Classes provide a Pythonic interface for functionality by initializing clients and making requests, handling requests and common logic. This allows interacting with resources through method calls.
…/beta.py file provides base functionality for accessing OpenAI beta API resources. It defines classes that initialize clients and handle making synchronous requests.
This file focuses on providing classes that initialize lower level subclasses and provide a natural interface for accessing OpenAI beta resources. The implementation handles common request logic while delegating specific functionality to other modules.
…/files.py provides functionality for managing files associated with assistants. It contains methods for creating, retrieving, and deleting files.
handle making HTTP requests to upload, download, and remove files. Model types are used to deserialize API responses, and pagination is supported for listing large numbers of files.
…/threads.py file provides the primary interface for interacting with chat threads. It initializes sub-resources defined in other files.
Key methods include creating and retrieving threads. When methods are called, they construct URLs and make requests by calling inherited methods handling common logic.
Request options and messages can be passed as arguments, processed by utilities before requests.
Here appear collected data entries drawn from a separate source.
definition DeltaY :: "((real^'k) \<Rightarrow> real) set" where
  "DeltaY = {p. (\<forall>y. 0 \<le> p y) \<and> (\<forall>y. y \<notin> Ycube \<longrightarrow> p y = 0) \<and> sum p Ycube = 1}"

definition emult :: "real^'k \<Rightarrow> real^'k \<Rightarrow> real^'k" where
  "emult a b = (\<chi> i. a$i * b$i)"

definition clip :: "real^'k \<Rightarrow> real^'k" where
  "clip u = (\<chi> i. sgn (u$i) * min \<bar>u$i\<bar> 1)"

text \<open>d_infinity(A,u) = inf over a in A of the sup-norm distance, in the extended reals
  (so that the infimum over the empty set is +infinity).\<close>
definition dinf :: "(real^'k) set \<Rightarrow> real^'k \<Rightarrow> ereal" where
  "dinf A u = (INF a\<in>A. ereal (infnorm (a - u)))"

text \<open>Permutations of [k], as enumerations (lists) of all indices; pi_i = pi ! (i-1).\<close>
definition perms :: "('k::finite) list set" where
  "perms = {\<pi>. distinct \<pi> \<and> set \<pi> = UNIV}"

definition ind :: "'k list \<Rightarrow> nat \<Rightarrow> real^'k" where
  "ind \<pi> i = (\<chi> j. if j \<in> set (take i \<pi>) then 1 else 0)"

definition Vpy :: "('k::finite) list \<Rightarrow> real^'k \<Rightarrow> (real^'k) set" where
  "Vpy \<pi> y = {emult (ind \<pi> i) y | i. i \<le> CARD('k)}"

definition Vface :: "((real^('k::finite)) set) set" where
  "Vface = (\<Union>{Pow (Vpy \<pi> y) | \<pi> y. \<pi> \<in> perms \<and> y \<in> Ycube})"

definition submodular_fun :: "(('k::finite) set \<Rightarrow> real) \<Rightarrow> bool" where
  "submodular_fun f \<longleftrightarrow>
     (\<forall>A B. f (A \<union> B) + f (A \<inter> B) \<le> f A + f B) \<and>
     (\<forall>A B. A \<subseteq> B \<longrightarrow> f A \<le> f B) \<and>
     f {} = 0"

definition Fk :: "(('k::finite) set \<Rightarrow> real) set" where
  "Fk = {f. submodular_fun f}"

definition lovasz :: "(('k::finite) set \<Rightarrow> real) \<Rightarrow> real^'k \<Rightarrow> real" where
  "lovasz f x = Max ((\<lambda>\<pi>. \<Sum>i<length \<pi>. x$(\<pi>!i) *
        (f (set (take (Suc i) \<pi>)) - f (set (take i \<pi>)))) ` perms)"

definition lovasz_hinge :: "(('k::finite) set \<Rightarrow> real) \<Rightarrow> real^'k \<Rightarrow> real^'k \<Rightarrow> real" where
  "lovasz_hinge f u y = lovasz f (\<chi> i. max 0 (1 - u$i * y$i))"

definition exp_hinge :: "(('k::finite) set \<Rightarrow> real) \<Rightarrow> real^'k \<Rightarrow> (real^'k \<Rightarrow> real) \<Rightarrow> real" where
  "exp_hinge f u p = (\<Sum>y\<in>Ycube. p y * lovasz_hinge f u y)"

definition argmin_set :: "(('k::finite) set \<Rightarrow> real) \<Rightarrow> (real^'k \<Rightarrow> real) \<Rightarrow> (real^'k) set" where
  "argmin_set f p = {u. \<forall>u'. exp_hinge f u p \<le> exp_hinge f u' p}"

definition Uf :: "(('k::finite) set \<Rightarrow> real) \<Rightarrow> ((real^'k) set) set" where
  "Uf f = {argmin_set f p | p. p \<in> DeltaY}"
Responses are deserialized into models.
Asynchronous functionality is also provided, initializing async versions of sub-resources and wrapping methods.
…/messages directory handles interacting with message threads and files through the OpenAI API. It contains classes for both synchronous and asynchronous access to message resources.
…/files.py file defines two classes that implement functionality for retrieving and listing files. These classes contain methods that make requests to the API and handle response deserialization.
An asynchronous version is also provided to support asynchronous operations. Classes also exist which return raw HTTP responses instead of modeled data.
By separating concerns and providing both synchronous and asynchronous capabilities, this code implements a full-featured Python client for the OpenAI message resources.
…/runs module provides functionality for interacting with run and step resources from the OpenAI API. It defines classes that allow accessing these resources both synchronously and asynchronously.
The main classes for interacting with runs are defined in
…/runs.py. These classes initialize by passing the client and provide methods like retrieving and listing runs.
Additional classes are defined which also return the raw HTTP response.
The main classes for interacting with steps are defined in
…/steps.py. These classes construct URLs for the step endpoints and make requests. The responses are deserialized into model objects representing steps.